* **Dataset**
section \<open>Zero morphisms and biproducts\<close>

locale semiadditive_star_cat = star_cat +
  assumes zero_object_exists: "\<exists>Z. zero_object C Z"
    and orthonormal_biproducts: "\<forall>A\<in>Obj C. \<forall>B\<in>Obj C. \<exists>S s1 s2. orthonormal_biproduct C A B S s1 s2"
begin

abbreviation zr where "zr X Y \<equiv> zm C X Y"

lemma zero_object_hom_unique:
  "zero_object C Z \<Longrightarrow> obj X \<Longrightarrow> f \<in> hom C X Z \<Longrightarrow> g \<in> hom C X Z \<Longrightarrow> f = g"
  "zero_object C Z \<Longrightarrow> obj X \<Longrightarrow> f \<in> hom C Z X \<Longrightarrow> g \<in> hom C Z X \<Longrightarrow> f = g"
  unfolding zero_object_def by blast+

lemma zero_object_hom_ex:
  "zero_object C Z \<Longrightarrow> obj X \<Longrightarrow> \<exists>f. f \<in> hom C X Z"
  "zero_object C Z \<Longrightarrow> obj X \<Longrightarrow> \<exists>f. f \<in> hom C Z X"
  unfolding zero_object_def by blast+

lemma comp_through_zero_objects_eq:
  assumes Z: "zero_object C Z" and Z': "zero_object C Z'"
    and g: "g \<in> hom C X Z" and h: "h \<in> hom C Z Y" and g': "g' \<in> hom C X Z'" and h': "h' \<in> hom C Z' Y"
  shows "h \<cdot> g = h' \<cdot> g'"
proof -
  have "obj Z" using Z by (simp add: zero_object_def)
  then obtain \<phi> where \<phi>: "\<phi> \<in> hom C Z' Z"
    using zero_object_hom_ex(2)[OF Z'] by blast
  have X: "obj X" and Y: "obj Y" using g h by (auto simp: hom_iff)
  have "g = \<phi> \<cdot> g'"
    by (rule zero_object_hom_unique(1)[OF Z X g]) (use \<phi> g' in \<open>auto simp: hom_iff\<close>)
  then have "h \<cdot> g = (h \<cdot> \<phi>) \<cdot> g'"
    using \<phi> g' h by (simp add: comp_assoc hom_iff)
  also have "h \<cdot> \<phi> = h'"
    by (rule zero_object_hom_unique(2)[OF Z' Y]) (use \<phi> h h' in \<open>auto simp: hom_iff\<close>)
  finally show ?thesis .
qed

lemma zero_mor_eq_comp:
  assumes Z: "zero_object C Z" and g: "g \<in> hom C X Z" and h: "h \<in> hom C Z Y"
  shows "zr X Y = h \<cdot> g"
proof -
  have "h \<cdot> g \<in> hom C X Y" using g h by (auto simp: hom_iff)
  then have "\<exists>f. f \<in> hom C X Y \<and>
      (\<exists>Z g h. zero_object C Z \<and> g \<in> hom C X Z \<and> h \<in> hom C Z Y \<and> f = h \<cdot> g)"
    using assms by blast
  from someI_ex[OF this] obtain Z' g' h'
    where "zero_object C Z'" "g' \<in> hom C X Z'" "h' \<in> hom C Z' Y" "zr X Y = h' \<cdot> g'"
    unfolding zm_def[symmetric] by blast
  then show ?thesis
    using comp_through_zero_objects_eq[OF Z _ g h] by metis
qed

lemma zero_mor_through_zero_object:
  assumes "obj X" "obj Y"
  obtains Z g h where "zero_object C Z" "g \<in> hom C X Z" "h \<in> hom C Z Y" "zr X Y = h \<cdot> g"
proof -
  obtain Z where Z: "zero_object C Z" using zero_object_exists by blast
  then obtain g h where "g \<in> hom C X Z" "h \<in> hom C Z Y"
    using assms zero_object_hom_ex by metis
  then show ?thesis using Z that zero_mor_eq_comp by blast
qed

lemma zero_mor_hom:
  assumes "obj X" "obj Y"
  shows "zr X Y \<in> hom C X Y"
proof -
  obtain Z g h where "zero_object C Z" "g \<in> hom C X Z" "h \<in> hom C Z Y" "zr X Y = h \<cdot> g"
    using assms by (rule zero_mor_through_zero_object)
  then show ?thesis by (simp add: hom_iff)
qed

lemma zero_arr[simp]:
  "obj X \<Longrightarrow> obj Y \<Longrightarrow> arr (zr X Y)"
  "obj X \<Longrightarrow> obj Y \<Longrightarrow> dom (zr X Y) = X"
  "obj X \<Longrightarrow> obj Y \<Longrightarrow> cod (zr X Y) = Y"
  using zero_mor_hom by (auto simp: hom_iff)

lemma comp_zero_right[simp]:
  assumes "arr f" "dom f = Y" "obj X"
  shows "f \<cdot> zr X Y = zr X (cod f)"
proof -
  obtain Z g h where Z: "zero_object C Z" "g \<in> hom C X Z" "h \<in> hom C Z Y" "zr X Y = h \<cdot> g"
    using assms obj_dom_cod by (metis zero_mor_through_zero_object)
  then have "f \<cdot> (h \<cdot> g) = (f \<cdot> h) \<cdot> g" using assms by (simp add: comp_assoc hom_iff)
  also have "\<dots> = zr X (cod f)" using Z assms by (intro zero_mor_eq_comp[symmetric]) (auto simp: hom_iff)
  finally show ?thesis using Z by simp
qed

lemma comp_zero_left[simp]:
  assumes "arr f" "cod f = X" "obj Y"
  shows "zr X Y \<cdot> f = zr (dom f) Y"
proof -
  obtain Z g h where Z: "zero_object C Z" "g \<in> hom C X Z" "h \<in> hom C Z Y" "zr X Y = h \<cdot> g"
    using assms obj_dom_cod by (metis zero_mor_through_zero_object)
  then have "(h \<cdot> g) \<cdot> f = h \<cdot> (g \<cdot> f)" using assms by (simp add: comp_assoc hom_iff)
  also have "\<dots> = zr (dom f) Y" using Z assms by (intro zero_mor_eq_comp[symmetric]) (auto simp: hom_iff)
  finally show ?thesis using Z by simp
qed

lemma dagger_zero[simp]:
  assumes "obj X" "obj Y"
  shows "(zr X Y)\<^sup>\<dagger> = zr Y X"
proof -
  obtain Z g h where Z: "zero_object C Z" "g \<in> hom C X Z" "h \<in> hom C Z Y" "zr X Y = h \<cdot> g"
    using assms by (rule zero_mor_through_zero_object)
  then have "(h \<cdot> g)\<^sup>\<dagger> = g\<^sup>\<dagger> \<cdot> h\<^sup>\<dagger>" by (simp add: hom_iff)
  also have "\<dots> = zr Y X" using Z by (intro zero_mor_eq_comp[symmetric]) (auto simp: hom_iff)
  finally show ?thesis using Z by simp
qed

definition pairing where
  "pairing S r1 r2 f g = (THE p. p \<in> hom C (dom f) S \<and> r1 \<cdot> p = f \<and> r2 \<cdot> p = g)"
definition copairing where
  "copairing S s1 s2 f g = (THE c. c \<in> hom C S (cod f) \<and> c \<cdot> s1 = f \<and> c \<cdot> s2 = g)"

* **Your task**
Go through the data, and copy each line in which the word "close" appears.

* **Reply to the task**
section \<open>Zero morphisms and biproducts\<close>
    by (rule zero_object_hom_unique(1)[OF Z X g]) (use \<phi> g' in \<open>auto simp: hom_iff\<close>)
    by (rule zero_object_hom_unique(2)[OF Z' Y]) (use \<phi> h h' in \<open>auto simp: hom_iff\<close>)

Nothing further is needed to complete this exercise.